|OAKES, AARON - North Carolina State University|
Submitted to: International Journal of Food Science and Technology
Publication Type: Peer Reviewed Journal
Publication Acceptance Date: 1/1/2012
Publication Date: 9/12/2012
Citation: Oakes, A.J., White, B.L., Lamb, M.C., Sobolev, V., Sanders, T.H., Davis, J.P. 2012. Process Development for Spray Drying a Value-Added Extract from Aflatoxin Contaminated Peanut Meal. International Journal of Food Science and Technology. 48:58-66.
Interpretive Summary: Peanut meal is the low value residue resulting from oil extraction of peanuts. It is high in protein but often contains aflatoxin. Studies are underway to separate the protein and protein fragments (peptides) from aflatoxin using various enzymes in association with aflatoxin absorbent clay in aqueous dispersions. This work reports excellent lab-scale results for spray drying of the resulting protein material to produce spray dried protein powders with enhanced antioxidant capacity, increased solubility and aflatoxin levels below 1 ppb. Use of low value materials to develop value added products will expand the markets and economic viability of peanuts and peanut products.

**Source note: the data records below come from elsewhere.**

lemma on_receive_quorum_bundle:
  assumes inv: "mbrb_inv n t Byz \<sigma>" and "j \<in> S" and S: "quorum n t S"
  shows "\<exists>m'. (m', sn, j) \<in> dlv (on_receive n t Cor k q (bundle_msg (m, sn, j) S) D1 D2 \<sigma>) q"
proof (cases "\<exists>m'. (m', sn, j) \<in> dlv \<sigma> q")
  case True
  then show ?thesis using on_receive_dlv_mono by blast
next
  case False
  let ?sigs = "{(k', (m, sn, j)) | k'. k' \<in> S}"
  have msg: "bundle_msg (m, sn, j) S = BUNDLE m sn j ?sigs"
    by (simp add: bundle_msg_def)
  have guard: "accepts_bundle n \<sigma> q m sn j ?sigs"
    using False \<open>j \<in> S\<close> S by (auto simp: accepts_bundle_def quorum_def)
  obtain fresh S' dl T
    where eq: "on_receive n t Cor k q (BUNDLE m sn j ?sigs) D1 D2 \<sigma>
                 = process_update q (m, sn, j) fresh S' dl T \<sigma>"
    and S': "S' = saved \<sigma> q (m, sn, j) \<union> valid_sigs n (m, sn, j) ?sigs \<union> (if fresh then {q} else {})"
    and dl: "dl \<longleftrightarrow> n + t < 2 * card S'"
    by (rule on_receive_accept[OF guard]) blast
  have "S \<subseteq> S'"
    using S' S valid_sigs_bundle[of S n "(m, sn, j)"] by (auto simp: quorum_def)
  moreover have "finite S'"
    using S' mbrb_inv_saved_range[OF inv, of q "(m, sn, j)"] valid_sigs_range[of n "(m, sn, j)" ?sigs]
    by (auto intro: finite_subset)
  ultimately have dl
    using dl S card_mono[of S' S] by (auto simp: quorum_def)
  then show ?thesis
    unfolding msg eq by (auto simp: process_update_def)
qed

lemma step_mbrb_inv:
  assumes "step n t d Byz k \<sigma> \<sigma>'" and inv: "mbrb_inv n t Byz \<sigma>"
  shows "mbrb_inv n t Byz \<sigma>'"
  using assms(1)
proof cases
  case stutter
  then show ?thesis using inv by simp
next
  case (mbrb_broadcast i sn D S m)
  let ?x = "(m, sn, i)"
  have "\<sigma>' =
      process_update i ?x True S False (bcast ({1..n} - Byz) k 0 D (bundle_msg ?x S) (transit \<sigma>)) \<sigma>"
    using mbrb_broadcast(1) by (simp add: process_update_def bundle_msg_def)
  also have "mbrb_inv n t Byz \<dots>"
  proof (rule mbrb_inv_process_update[OF inv])
    show "snd ?x \<notin> snd ` signed \<sigma> i"
      using mbrb_broadcast(3) by force
    show "saved \<sigma> i ?x \<subseteq> S" "S \<subseteq> {1..n}"
      using mbrb_broadcast(2,6) mbrb_inv_saved_range[OF inv, of i ?x] by auto
    show "?x \<in> signed \<sigma> k' \<or> True \<and> k' = i" if "k' \<in> S" "k' \<notin> Byz" for k'
      using that mbrb_broadcast(6) mbrb_inv_saved_signed[OF inv] by auto
  qed (auto simp: bcast_def)
  finally show ?thesis .
next
  case (receive_correct i bid M D1 D2)
  obtain m sn j sigs where M: "M = BUNDLE m sn j sigs"
    by (cases M)
  let ?\<sigma>0 = "\<sigma>\<lparr>transit := transit \<sigma> - {(bid, i, M)}\<rparr>"
  have "mbrb_inv n t Byz ?\<sigma>0"
    using inv by (rule mbrb_inv_drop_copies) auto
  moreover have "sigs_genuine n Byz ?\<sigma>0 sigs"
    using mbrb_inv_transit_genuine[OF inv] receive_correct(3) by (simp add: M sigs_genuine_def)
  ultimately have "mbrb_inv n t Byz (on_receive n t ({1..n} - Byz) k i M D1 D2 ?\<sigma>0)"
    unfolding M by (rule on_receive_mbrb_inv) (use receive_correct(2) in simp)
  then show ?thesis
    using receive_correct(1) by simp
next
  case (receive_byz i m sn j sigs D1 D2)
  then show ?thesis
    using on_receive_mbrb_inv[OF inv] by (simp add: sigs_genuine_def)
qed

lemma step_dlv_mono:
  assumes "step n t d Byz k \<sigma> \<sigma>'"
  shows "dlv \<sigma> q \<subseteq> dlv \<sigma>' q"
  using assms
proof cases
  case (receive_correct i bid M D1 D2)
  then show ?thesis
    using on_receive_dlv_mono[of "\<sigma>\<lparr>transit := transit \<sigma> - {(bid, i, M)}\<rparr>" q] by simp
next
  case receive_byz
  then show ?thesis
    using on_receive_dlv_mono[of \<sigma> q] by simp
qed simp_all

lemma step_new_delivery:
  assumes "step n t d Byz k \<sigma> \<sigma>'" and inv: "mbrb_inv n t Byz \<sigma>"
    and before: "(m, sn, j) \<notin> dlv \<sigma> q" and after: "(m, sn, j) \<in> dlv \<sigma>' q"
  obtains D S where "D \<subseteq> {1..n} - Byz" "card D \<le> d" "j \<in> S" "quorum n t S"
    "\<And>q'. q' \<in> {1..n} - Byz - D \<Longrightarrow> ((k, 1), q', bundle_msg (m, sn, j) S) \<in> transit \<sigma>'"
  using assms(1)
proof cases
  case stutter
  then show ?thesis using before after by simp
next
  case mbrb_broadcast
  then show ?thesis using before after by simp
next
  case (receive_correct i bid M D1 D2)
  let ?\<sigma>0 = "\<sigma>\<lparr>transit := transit \<sigma> - {(bid, i, M)}\<rparr>"
  have "mbrb_inv n t Byz ?\<sigma>0"
    using inv by (rule mbrb_inv_drop_copies) auto
  moreover have "i \<in> {1..n}"
    using receive_correct(2) by simp
  moreover have "(m, sn, j) \<notin> dlv ?\<sigma>0 q"
    using before by simp
  moreover have "(m, sn, j) \<in> dlv (on_receive n t ({1..n} - Byz) k i M D1 D2 ?\<sigma>0) q"
    using after receive_correct(1) by simp
  ultimately obtain S where "j \<in> S" "quorum n t S"
    "\<And>q'. q' \<in> {1..n} - Byz - D2 \<Longrightarrow>
       ((k, 1), q', bundle_msg (m, sn, j) S) \<in> transit (on_receive n t ({1..n} - Byz) k i M D1 D2 ?\<sigma>0)"
    by (rule on_receive_new_delivery) blast
  then show ?thesis
    by (intro that[of D2 S]) (use receive_correct in auto)
next
  case (receive_byz i M' m' sn' j' sigs D1 D2)
  have i: "i \<in> {1..n}"
    using receive_byz(3) by simp
  have received: "(m, sn, j) \<in> dlv (on_receive n t ({1..n} - Byz) k i M' D1 D2 \<sigma>) q"
    using after receive_byz(1) by simp
  obtain S where "j \<in> S" "quorum n t S"
    "\<And>q'. q' \<in> {1..n} - Byz - D2 \<Longrightarrow>
       ((k, 1), q', bundle_msg (m, sn, j) S) \<in> transit (on_receive n t ({1..n} - Byz) k i M' D1 D2 \<sigma>)"
    using inv i before received by (rule on_receive_new_delivery) blast
  then show ?thesis
    by (intro that[of D2 S]) (use receive_byz in auto)
qed

lemma step_receive_quorum_bundle:
  assumes "step n t d Byz k \<sigma> \<sigma>'" and inv: "mbrb_inv n t Byz \<sigma>"
    and pending: "(b, q, bundle_msg (m, sn, j) S) \<in> transit \<sigma>"
    and received: "(b, q, bundle_msg (m, sn, j) S) \<notin> transit \<sigma>'"
    and "j \<in> S" "quorum n t S"
  shows "\<exists>m'. (m', sn, j) \<in> dlv \<sigma>' q"
  using assms(1)
proof cases
  case stutter
  then show ?thesis using pending received by simp
next
  case mbrb_broadcast
  then show ?thesis using pending received by (simp add: bcast_def)
next
  case receive_byz
  then show ?thesis using pending received on_receive_transit_mono by blast
next
  case (receive_correct i bid M D1 D2)
  let ?\<sigma>0 = "\<sigma>\<lparr>transit := transit \<sigma> - {(bid, i, M)}\<rparr>"
  have copy: "(bid, i, M) = (b, q, bundle_msg (m, sn, j) S)"
  proof (rule ccontr)
    assume "(bid, i, M) \<noteq> (b, q, bundle_msg (m, sn, j) S)"
    then have "(b, q, bundle_msg (m, sn, j) S) \<in> transit ?\<sigma>0"
      using pending by auto
    then show False
      using received on_receive_transit_mono[of ?\<sigma>0] unfolding receive_correct(1) by blast
  qed
  have "mbrb_inv n t Byz ?\<sigma>0"
    using inv by (rule mbrb_inv_drop_copies) auto
  then show ?thesis
    using on_receive_quorum_bundle \<open>j \<in> S\<close> \<open>quorum n t S\<close> copy unfolding receive_correct(1)
    by auto
qed

lemma execution_mbrb_inv:
  assumes "execution n t d Byz s"
  shows "mbrb_inv n t Byz (s k)"
proof (induction k)
  case 0
  then show ?case using assms mbrb_inv_init by (simp add: execution_def)
next
  case (Suc k)
  then show ?case using assms step_mbrb_inv unfolding execution_def by blast
qed

lemma execution_dlv_mono:
  assumes "execution n t d Byz s" and "k \<le> k'"
  shows "dlv (s k) q \<subseteq> dlv (s k') q"
  using lift_Suc_mono_le[of "\<lambda>k. dlv (s k) q", OF _ assms(2)] step_dlv_mono assms(1)
  unfolding execution_def by blast

lemma execution_copy_received:
  assumes "execution n t d Byz s" and "e \<in> transit (s k)"
  obtains k' where "e \<in> transit (s k')" "e \<notin> transit (s (Suc k'))"
proof -
  obtain k'' where "k \<le> k''" "e \<notin> transit (s k'')"
    using assms unfolding execution_def by blast
  then show ?thesis
    using nat_first_change[of "\<lambda>k. e \<notin> transit (s k)" k k''] assms(2) that by blast
qed

lemma execution_agreement:
  assumes exec: "execution n t d Byz s" and "finite Byz" "card Byz \<le> t"
    and "(m1, sn, j) \<in> dlv (s k1) q1" "(m2, sn, j) \<in> dlv (s k2) q2"
  shows "m1 = m2"
proof -
  define \<sigma> where "\<sigma> = s (max k1 k2)"
  have inv: "mbrb_inv n t Byz \<sigma>"
    unfolding \<sigma>_def using exec by (rule execution_mbrb_inv)
  have "(m1, sn, j) \<in> dlv \<sigma> q1" "(m2, sn, j) \<in> dlv \<sigma> q2"
    using execution_dlv_mono[OF exec] assms(4,5) unfolding \<sigma>_def
    by (meson max.cobounded1 max.cobounded2 subsetD)+
  then obtain k where "k \<in> saved \<sigma> q1 (m1, sn, j)" "k \<in> saved \<sigma> q2 (m2, sn, j)" "k \<notin> Byz"
    using quorums_share_correct mbrb_inv_delivered_quorum[OF inv] assms(2,3) by metis
  then have "(m1, sn, j) \<in> signed \<sigma> k" "(m2, sn, j) \<in> signed \<sigma> k"
    using mbrb_inv_saved_signed[OF inv] by blast+
  then show ?thesis
    using inj_onD[OF mbrb_inv_signed_inj[OF inv]] by force
qed

lemma execution_delivery_sends_quorum_bundle:
  assumes exec: "execution n t d Byz s" and "(m, sn, j) \<in> dlv (s k) i"
  obtains k0 D S where "D \<subseteq> {1..n} - Byz" "card D \<le> d" "j \<in> S" "quorum n t S"
    "\<And>q. q \<in> {1..n} - Byz - D \<Longrightarrow> ((k0, 1), q, bundle_msg (m, sn, j) S) \<in> transit (s (Suc k0))"
proof -
  have step: "\<And>k. step n t d Byz k (s k) (s (Suc k))"
    using exec by (simp add: execution_def)
  obtain k0 where "(m, sn, j) \<notin> dlv (s k0) i" "(m, sn, j) \<in> dlv (s (Suc k0)) i"
    using nat_first_change[of "\<lambda>k. (m, sn, j) \<in> dlv (s k) i" 0 k] assms
    by (auto simp: execution_def init_state_def)
  then obtain D S where "D \<subseteq> {1..n} - Byz" "card D \<le> d" "j \<in> S" "quorum n t S"
    "\<And>q. q \<in> {1..n} - Byz - D \<Longrightarrow> ((k0, 1), q, bundle_msg (m, sn, j) S) \<in> transit (s (Suc k0))"
    by (rule step_new_delivery[OF step execution_mbrb_inv[OF exec]]) blast
  then show ?thesis
    using that by blast
qed

lemma execution_quorum_bundle_delivered:
  assumes exec: "execution n t d Byz s" and "finite Byz" "card Byz \<le> t"
    and pending: "(b, q, bundle_msg (m, sn, j) S) \<in> transit (s k)" and "j \<in> S" "quorum n t S"
    and delivered: "(m, sn, j) \<in> dlv (s k1) p"
  obtains k' where "(m, sn, j) \<in> dlv (s k') q"
proof -
  obtain k' where "(b, q, bundle_msg (m, sn, j) S) \<in> transit (s k')"
    "(b, q, bundle_msg (m, sn, j) S) \<notin> transit (s (Suc k'))"
    using exec pending by (rule execution_copy_received)
  moreover have "step n t d Byz k' (s k') (s (Suc k'))"
    using exec by (simp add: execution_def)
  ultimately obtain m' where m': "(m', sn, j) \<in> dlv (s (Suc k')) q"
    using step_receive_quorum_bundle[OF _ execution_mbrb_inv[OF exec] _ _ \<open>j \<in> S\<close> \<open>quorum n t S\<close>]
    by blast
  moreover have "m' = m"
    using execution_agreement[OF exec assms(2,3) m' delivered] .
  ultimately show ?thesis
    using that by blast
qed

Technical Abstract: Peanut meal, the primary byproduct of commercial oil crushing operations, is an excellent source of protein though aflatoxin contamination often limits applications for this material. Naturally aflatoxin contaminated (59 ppb) peanut meal dispersions were adjusted to pH 2.1 or pH 9.1, with or without additional protease and/or a clay absorbent, and the resulting soluble extracts derived from these dispersions were spray dried. Clay addition during processing minimally affected spray drying yields, protein powder solubility, or antioxidant capacities whereas these properties were significantly altered by pH and protease treatments. Powders produced from peanut meal treated with clay contained significantly less aflatoxin than powders produced without clay; the effects of pH or enzyme on aflatoxin content were minimal. Peanut meal treated at pH 9.1 with enzyme and clay yielded powders with enhanced antioxidant capacity and increased solubility compared to unhydrolyzed controls and had aflatoxin levels below 1 ppb.